The SUB module correctly simulates a \(\mathtt {SUB}\) instruction: instruction \(l_j\) is simulated only if r stores a positive value (after decrementing by 1 the value of r), otherwise instruction \(l_k\) is simulated (the value of r is not decremented).

Module FIN: The module FIN for halting the computation of \(\varPi \) is shown in Fig. 5. The operation of the module is clear: once M reaches instruction \(l_h\) and halts, \(\sigma _{l_h}\) becomes activated. Neuron \(l_h\) sends a spike to \(\sigma _1\), the neuron corresponding to register 1 of M. Once the number of spikes in \(\sigma _{1}\) become odd (of the form \(2n + 1\), where n is the value stored in register 1), \(\sigma _1\) keeps applying its only rule: at every step, 2 spikes are consumed, and 1 spike is sent to Env. In this way, the number n is computed since \(\sigma _1\) will send precisely n spikes to Env.

The ADD module has \(nd_{syn}\): initially it has \(pres(l_i^2) = \emptyset ,\) and its \(k = 1 < |N|\). We also observe the parameter values: m is at least 9 by setting \(|S_r| = 1\), then adding the two additional rules in \(\sigma _{l_i^1}\); k is clearly at least 1; lastly, the synapse weight l is at least 3 by again setting \(|S_r| = 1\). This completes the proof. \(\square \)

Fig. 5.
figure 5

Module FIN in the proof of Theorem 2.

Full size image

5 Conclusions and Final Remarks

In [5] it is known that asynchronous SNP systems with extended rules are universal, while the conjecture is that asynchronous SNP systems with standard rules are not [3]. In Theorem 1, we showed that asynchronous bounded SNPSP systems are not universal where, similar to standard rules, each neuron can only produce at most one spike each step. In Theorem 2, asynchronous WSNPSP systems are shown to be universal. In WSNPSP systems, the synapse weights perform a function similar to extended rules in the sense that a neuron can produce more than one spike each step. Our results thus provide support to the conjecture about the nonuniversality of asynchronous SNP systems with standard rules. It is also interesting to realize the computing power of asynchronous unbounded (in spikes) SNPSP systems.

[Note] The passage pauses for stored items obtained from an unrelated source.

(* Assume $\nu>1/2$ and let $b,\theta>0$ be fixed. For any continuous function $F:\mathbb R\to[0,\infty)$ with $0<\int_{-\infty}^\infty F(x)\,dx<\infty$, as $\delta\to0$, $$\int_{-\pi}^{\pi}a^\delta_{b,\theta}(\lambda)\,F\!\Big(\frac{\lambda}{\delta\theta}\Big)d\lambda\sim\delta\theta\int_{-\infty}^{\infty}F(x)\,dx,\qquad \int_{-\pi}^{\pi}\big[a^\delta_{b,\theta}(\lambda)\big]^2F\!\Big(\frac{\lambda}{\delta\theta}\Big)d\lambda\sim\delta\theta\int_{-\infty}^{\infty}F(x)\,dx.$$
   Context: For $\alpha>0$, $\omega\in\mathbb R$ let $g^*_{\nu,\alpha}(\omega)=C_\nu\alpha^{2\nu}(\alpha^2+\omega^2)^{-(\nu+1/2)}$ with $C_\nu=\Gamma(\nu+\frac12)/(\sqrt\pi\,\Gamma(\nu))$. For $\delta,\theta>0$ and $\lambda\in[-\pi,\pi]$ let $g^\delta_{\nu,\theta}(\lambda)=\sum_{k\in\mathbb Z}g^*_{\nu,\delta\theta}(\lambda+2k\pi)$, and for $b>0$, $a^\delta_{b,\theta}=\dfrac{b\,g^\delta_{\nu,\theta}}{b\,g^\delta_{\nu,\theta}+(2\pi)^{-1}}$. "$\sim$" means the ratio tends to $1$. *)

theory Defs
  imports "HOL-Analysis.Analysis" "HOL-Library.Landau_Symbols"
begin

definition C_nu :: "real \<Rightarrow> real" where
  "C_nu \<nu> = Gamma (\<nu> + 1/2) / (sqrt pi * Gamma \<nu>)"

definition g_star :: "real \<Rightarrow> real \<Rightarrow> real \<Rightarrow> real" where
  "g_star \<nu> \<alpha> \<omega> = C_nu \<nu> * \<alpha> powr (2*\<nu>) * (\<alpha>^2 + \<omega>^2) powr (-(\<nu> + 1/2))"

definition g_delta :: "real \<Rightarrow> real \<Rightarrow> real \<Rightarrow> real \<Rightarrow> real" where
  "g_delta \<nu> \<delta> \<theta> l = (\<Sum>\<^sub>\<infinity>k::int. g_star \<nu> (\<delta>*\<theta>) (l + 2 * of_int k * pi))"
lemma R_rej_type_class_bound_both:
  fixes P1 P2 :: "'a::finite pmf"
  assumes rej: "(E1, E2) \<in> R_rej P1 P2 \<gamma>" and "\<gamma> > 0" "\<delta> > 0"
    and "set_pmf P1 = UNIV" "set_pmf P2 = UNIV"
  shows "\<exists>\<epsilon>>0. eventually (\<lambda>n. \<forall>v. length v = n \<longrightarrow>
     exp (- (E1 - \<delta>) * real n) < wprob P1 (type_class_of v) \<longrightarrow>
     exp (- (E2 - \<delta>) * real n) < wprob P2 (type_class_of v) \<longrightarrow>
     wprob P1 (type_class_of v) \<le> exp (- (\<gamma> + \<epsilon>) * real n) \<and>
     wprob P2 (type_class_of v) \<le> exp (- (\<gamma> + \<epsilon>) * real n)) sequentially"
proof -
  obtain m1 m2 where "m1 > 0" "\<And>x. m1 \<le> pmf P1 x" "m2 > 0" "\<And>x. m2 \<le> pmf P2 x"
    using exists_pos_le_pmf assms(4,5) by metis
  obtain \<epsilon>1 where "\<epsilon>1 > 0" and ev1: "eventually (\<lambda>n. \<forall>v. length v = n \<longrightarrow>
     exp (- (E1 - \<delta>) * real n) < wprob P1 (type_class_of v) \<longrightarrow>
     exp (- (E2 - \<delta>) * real n) < wprob P2 (type_class_of v) \<longrightarrow>
     wprob P1 (type_class_of v) \<le> exp (- (\<gamma> + \<epsilon>1) * real n)) sequentially"
    using R_rej_type_class_bound[OF rej \<open>\<gamma> > 0\<close> \<open>\<delta> > 0\<close> \<open>\<And>x. m2 \<le> pmf P2 x\<close> \<open>m2 > 0\<close>] by blast
  obtain \<epsilon>2 where "\<epsilon>2 > 0" and ev2: "eventually (\<lambda>n. \<forall>v. length v = n \<longrightarrow>
     exp (- (E2 - \<delta>) * real n) < wprob P2 (type_class_of v) \<longrightarrow>
     exp (- (E1 - \<delta>) * real n) < wprob P1 (type_class_of v) \<longrightarrow>
     wprob P2 (type_class_of v) \<le> exp (- (\<gamma> + \<epsilon>2) * real n)) sequentially"
    using R_rej_type_class_bound[OF R_rej_swap[OF rej] \<open>\<gamma> > 0\<close> \<open>\<delta> > 0\<close>
        \<open>\<And>x. m1 \<le> pmf P1 x\<close> \<open>m1 > 0\<close>] by blast
  have exp_mono: "exp (- (\<gamma> + \<epsilon>') * real n) \<le> exp (- (\<gamma> + min \<epsilon>1 \<epsilon>2) * real n)"
    if "min \<epsilon>1 \<epsilon>2 \<le> \<epsilon>'" for \<epsilon>' n
    using that by (simp add: mult_right_mono)
  show ?thesis
  proof (intro exI[of _ "min \<epsilon>1 \<epsilon>2"] conjI)
    show "min \<epsilon>1 \<epsilon>2 > 0" using \<open>\<epsilon>1 > 0\<close> \<open>\<epsilon>2 > 0\<close> by simp
    show "eventually (\<lambda>n. \<forall>v. length v = n \<longrightarrow>
       exp (- (E1 - \<delta>) * real n) < wprob P1 (type_class_of v) \<longrightarrow>
       exp (- (E2 - \<delta>) * real n) < wprob P2 (type_class_of v) \<longrightarrow>
       wprob P1 (type_class_of v) \<le> exp (- (\<gamma> + min \<epsilon>1 \<epsilon>2) * real n) \<and>
       wprob P2 (type_class_of v) \<le> exp (- (\<gamma> + min \<epsilon>1 \<epsilon>2) * real n)) sequentially"
      using ev1 ev2
      by eventually_elim (blast intro: order_trans[OF _ exp_mono] min.cobounded1 min.cobounded2)
  qed
qed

It can be argued that when \(\alpha \in \{ \pm , \mp \}\), the synapse creation (resp., deletion) immediately followed by a synapse deletion (resp., creation) is another form of synchronization. Can asynchronous WSNPSP systems maintain their computing power, if we further restrict them by removing such semantic? Another interesting question is as follows: in the ADD module in Theorem 2, we have \(nd_{syn}\). Can we still maintain universality if we remove this level, so that \(nd_{neur}\) in asyn mode is the only source of nondeterminism? In [5] for example, the modules used asyn mode and \(nd_{rule}\), while in [14], only asyn mode was used (but with the use of a new ingredient called local synchronization).

In Theorem 2, the construction is based on the value \(|S_r|\). Can we have a uniform construction while maintaining universality? i.e. can we construct a \(\varPi \) such that \(N(\varPi ) = NRE\), but is independent on the number of \(\mathtt {SUB}\) instructions of M? Then perhaps parameters m and l in Theorem 2 can be reduced.